**Task instructions**
Scan the entries below for the word "multiset" and copy every line in which it occurs.

**Material shown**
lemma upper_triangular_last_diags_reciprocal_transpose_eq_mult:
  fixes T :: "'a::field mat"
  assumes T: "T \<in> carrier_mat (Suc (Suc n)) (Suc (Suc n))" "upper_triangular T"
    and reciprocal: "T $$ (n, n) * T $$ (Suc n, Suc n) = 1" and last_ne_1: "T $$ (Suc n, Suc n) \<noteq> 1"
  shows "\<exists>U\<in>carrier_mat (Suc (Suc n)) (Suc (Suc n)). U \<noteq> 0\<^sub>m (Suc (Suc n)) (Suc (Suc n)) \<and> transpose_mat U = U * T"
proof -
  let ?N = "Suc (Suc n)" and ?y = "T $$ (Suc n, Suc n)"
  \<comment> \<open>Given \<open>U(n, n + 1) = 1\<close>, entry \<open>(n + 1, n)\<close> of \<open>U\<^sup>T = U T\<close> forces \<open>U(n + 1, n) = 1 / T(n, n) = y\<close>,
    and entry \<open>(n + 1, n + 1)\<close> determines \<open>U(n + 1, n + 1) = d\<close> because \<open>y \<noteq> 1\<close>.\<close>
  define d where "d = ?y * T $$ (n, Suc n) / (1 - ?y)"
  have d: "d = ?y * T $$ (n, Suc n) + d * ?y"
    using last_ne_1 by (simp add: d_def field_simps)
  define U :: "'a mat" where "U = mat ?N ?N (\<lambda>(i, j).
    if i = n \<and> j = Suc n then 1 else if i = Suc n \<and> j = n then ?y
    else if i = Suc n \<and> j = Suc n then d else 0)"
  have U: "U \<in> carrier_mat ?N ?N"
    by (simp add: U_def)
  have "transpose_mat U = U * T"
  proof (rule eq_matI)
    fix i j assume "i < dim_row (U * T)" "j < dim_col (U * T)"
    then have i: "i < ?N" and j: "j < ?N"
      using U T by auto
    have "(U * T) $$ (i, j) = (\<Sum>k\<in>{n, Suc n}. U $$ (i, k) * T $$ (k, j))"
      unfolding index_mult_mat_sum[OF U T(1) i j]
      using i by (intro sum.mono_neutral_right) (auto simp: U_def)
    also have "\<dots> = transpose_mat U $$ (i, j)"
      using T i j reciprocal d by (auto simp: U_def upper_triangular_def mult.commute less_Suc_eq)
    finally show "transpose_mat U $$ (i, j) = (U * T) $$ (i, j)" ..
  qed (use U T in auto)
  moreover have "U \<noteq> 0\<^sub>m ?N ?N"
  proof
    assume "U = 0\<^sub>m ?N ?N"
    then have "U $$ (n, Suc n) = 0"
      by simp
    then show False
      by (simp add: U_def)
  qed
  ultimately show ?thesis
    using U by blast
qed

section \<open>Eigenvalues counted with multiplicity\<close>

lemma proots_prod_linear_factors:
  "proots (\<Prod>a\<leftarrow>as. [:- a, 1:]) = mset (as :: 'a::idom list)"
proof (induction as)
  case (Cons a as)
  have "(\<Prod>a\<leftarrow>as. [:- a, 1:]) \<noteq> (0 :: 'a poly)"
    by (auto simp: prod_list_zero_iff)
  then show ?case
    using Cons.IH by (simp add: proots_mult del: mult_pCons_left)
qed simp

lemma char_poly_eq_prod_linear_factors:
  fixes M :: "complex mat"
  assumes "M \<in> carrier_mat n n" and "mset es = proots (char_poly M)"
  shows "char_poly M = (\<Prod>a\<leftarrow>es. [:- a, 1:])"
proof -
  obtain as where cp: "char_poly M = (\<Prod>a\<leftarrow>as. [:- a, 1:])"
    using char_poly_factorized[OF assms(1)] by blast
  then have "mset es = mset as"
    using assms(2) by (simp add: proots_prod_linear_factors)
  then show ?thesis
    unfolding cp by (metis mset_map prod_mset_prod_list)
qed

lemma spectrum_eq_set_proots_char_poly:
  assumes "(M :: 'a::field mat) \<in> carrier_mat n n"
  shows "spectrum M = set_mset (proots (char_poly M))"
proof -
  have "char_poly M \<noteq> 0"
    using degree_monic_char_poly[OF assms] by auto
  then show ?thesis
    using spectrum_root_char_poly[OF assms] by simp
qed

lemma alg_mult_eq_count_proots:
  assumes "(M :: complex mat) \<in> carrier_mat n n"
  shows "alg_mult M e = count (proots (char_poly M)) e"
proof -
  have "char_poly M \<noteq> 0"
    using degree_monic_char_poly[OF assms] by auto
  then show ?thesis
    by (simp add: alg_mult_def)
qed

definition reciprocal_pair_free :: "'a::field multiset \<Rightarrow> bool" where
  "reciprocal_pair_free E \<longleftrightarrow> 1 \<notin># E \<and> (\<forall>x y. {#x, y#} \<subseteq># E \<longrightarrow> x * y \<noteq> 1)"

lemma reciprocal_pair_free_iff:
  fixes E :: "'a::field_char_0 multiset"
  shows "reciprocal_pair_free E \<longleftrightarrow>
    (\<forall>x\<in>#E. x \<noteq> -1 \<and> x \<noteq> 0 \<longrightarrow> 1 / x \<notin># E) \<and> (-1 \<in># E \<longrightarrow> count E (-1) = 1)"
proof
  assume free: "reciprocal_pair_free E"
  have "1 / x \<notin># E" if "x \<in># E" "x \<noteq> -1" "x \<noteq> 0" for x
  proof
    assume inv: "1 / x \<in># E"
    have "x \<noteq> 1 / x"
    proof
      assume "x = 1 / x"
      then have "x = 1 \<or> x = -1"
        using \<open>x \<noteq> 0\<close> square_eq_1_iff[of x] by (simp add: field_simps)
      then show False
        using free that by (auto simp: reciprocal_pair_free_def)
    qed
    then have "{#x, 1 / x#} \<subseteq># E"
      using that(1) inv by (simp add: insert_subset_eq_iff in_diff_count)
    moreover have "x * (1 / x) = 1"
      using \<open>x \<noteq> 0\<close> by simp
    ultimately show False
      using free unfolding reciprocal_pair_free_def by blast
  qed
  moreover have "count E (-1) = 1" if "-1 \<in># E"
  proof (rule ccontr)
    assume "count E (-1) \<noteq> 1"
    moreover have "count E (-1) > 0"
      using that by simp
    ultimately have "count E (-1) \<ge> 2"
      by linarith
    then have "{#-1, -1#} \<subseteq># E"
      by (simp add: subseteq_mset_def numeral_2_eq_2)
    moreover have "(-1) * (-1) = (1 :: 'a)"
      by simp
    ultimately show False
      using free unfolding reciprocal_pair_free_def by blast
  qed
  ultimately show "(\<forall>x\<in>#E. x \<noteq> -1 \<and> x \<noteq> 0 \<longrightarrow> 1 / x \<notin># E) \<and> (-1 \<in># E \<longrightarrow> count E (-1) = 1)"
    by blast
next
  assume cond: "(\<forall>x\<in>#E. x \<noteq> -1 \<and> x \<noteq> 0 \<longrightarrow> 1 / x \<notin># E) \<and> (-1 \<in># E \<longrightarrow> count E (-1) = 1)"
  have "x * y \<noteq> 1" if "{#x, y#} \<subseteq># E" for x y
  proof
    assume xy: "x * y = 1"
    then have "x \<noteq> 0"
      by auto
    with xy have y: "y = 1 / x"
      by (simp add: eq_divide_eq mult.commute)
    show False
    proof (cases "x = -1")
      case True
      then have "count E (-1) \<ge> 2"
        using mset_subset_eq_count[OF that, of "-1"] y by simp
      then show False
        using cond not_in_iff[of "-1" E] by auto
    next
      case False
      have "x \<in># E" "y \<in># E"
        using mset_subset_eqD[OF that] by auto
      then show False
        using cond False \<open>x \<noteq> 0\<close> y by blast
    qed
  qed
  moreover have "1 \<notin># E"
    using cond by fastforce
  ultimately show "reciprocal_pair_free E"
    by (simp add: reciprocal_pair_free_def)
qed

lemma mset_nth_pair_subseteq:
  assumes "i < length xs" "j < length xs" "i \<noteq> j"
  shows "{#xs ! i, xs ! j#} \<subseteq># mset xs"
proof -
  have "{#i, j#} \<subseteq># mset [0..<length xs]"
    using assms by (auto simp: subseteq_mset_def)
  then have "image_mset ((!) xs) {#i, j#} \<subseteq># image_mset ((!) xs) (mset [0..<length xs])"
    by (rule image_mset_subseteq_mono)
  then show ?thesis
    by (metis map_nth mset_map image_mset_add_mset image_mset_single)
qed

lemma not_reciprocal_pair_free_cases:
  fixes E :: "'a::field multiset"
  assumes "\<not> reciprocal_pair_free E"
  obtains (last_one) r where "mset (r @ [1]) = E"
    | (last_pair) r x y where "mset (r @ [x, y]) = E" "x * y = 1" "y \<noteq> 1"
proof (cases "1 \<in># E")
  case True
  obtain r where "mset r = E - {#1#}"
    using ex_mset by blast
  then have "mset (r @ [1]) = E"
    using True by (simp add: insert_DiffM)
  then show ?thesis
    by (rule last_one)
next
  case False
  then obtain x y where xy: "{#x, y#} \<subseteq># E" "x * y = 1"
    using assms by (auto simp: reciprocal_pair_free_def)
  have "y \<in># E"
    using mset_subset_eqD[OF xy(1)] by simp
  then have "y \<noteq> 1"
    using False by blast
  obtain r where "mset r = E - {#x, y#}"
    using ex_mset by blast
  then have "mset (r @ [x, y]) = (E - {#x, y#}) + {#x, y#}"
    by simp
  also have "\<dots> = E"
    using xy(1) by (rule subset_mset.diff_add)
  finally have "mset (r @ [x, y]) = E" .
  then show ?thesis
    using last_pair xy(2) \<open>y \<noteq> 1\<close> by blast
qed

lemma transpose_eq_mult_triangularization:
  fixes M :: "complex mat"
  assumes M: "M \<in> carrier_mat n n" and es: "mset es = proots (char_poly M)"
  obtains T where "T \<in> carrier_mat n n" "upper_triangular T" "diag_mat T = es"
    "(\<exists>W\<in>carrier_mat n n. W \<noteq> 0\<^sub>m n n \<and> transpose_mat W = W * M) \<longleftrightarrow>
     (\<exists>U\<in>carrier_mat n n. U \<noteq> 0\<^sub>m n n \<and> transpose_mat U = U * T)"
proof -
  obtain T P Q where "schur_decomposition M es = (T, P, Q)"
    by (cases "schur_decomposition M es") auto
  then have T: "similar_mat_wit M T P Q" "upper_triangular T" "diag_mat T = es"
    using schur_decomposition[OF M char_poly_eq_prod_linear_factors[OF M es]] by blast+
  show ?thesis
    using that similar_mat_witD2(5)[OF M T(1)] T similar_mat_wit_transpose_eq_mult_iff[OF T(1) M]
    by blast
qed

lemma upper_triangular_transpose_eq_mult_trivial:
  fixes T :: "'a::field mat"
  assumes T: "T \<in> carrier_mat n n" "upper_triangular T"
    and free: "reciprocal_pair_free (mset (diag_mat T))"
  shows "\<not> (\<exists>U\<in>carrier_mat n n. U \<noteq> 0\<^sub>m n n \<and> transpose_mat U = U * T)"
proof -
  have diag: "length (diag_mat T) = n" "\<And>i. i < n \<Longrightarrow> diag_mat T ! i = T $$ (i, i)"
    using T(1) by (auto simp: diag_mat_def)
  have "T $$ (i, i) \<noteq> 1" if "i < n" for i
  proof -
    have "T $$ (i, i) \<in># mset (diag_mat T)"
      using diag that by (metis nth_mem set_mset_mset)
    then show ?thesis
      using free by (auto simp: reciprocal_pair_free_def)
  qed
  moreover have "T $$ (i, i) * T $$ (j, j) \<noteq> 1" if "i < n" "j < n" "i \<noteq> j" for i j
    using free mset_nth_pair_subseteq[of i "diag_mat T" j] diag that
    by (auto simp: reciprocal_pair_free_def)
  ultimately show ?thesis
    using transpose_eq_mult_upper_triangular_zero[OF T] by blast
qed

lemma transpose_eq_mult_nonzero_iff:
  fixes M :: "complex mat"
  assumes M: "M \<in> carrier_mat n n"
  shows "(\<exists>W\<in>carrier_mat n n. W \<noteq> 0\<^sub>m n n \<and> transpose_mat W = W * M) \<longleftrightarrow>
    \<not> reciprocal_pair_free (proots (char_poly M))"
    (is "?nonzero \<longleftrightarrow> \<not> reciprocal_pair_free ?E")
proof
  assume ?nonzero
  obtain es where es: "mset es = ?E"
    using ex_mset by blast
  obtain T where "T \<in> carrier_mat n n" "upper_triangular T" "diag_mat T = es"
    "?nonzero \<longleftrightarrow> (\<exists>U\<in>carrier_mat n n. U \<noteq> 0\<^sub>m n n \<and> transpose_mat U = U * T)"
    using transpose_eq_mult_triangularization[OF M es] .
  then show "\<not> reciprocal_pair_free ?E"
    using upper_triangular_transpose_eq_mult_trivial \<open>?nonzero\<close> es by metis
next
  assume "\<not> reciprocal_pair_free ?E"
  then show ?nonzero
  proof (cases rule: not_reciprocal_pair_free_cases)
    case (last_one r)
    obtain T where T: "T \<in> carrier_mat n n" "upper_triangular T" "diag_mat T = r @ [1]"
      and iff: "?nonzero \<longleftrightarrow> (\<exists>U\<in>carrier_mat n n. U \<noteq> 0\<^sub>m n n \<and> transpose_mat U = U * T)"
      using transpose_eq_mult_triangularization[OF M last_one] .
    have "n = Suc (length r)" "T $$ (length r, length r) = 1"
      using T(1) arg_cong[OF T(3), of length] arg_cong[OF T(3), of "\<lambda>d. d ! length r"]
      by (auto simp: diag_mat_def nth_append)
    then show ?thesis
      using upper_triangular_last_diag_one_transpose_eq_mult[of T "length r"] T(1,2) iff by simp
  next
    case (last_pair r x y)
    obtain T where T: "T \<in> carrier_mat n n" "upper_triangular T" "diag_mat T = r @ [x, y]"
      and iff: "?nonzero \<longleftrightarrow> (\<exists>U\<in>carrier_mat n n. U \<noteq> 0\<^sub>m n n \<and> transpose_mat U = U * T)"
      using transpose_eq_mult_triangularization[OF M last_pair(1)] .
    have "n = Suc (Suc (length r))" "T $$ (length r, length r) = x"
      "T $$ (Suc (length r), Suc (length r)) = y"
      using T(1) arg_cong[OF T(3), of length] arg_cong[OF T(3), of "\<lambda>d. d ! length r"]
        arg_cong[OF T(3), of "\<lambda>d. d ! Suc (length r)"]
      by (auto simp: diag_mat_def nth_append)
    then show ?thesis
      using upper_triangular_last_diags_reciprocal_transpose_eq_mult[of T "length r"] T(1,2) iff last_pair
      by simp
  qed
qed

**Result for this task**
definition reciprocal_pair_free :: "'a::field multiset \<Rightarrow> bool" where
  fixes E :: "'a::field_char_0 multiset"
  fixes E :: "'a::field multiset"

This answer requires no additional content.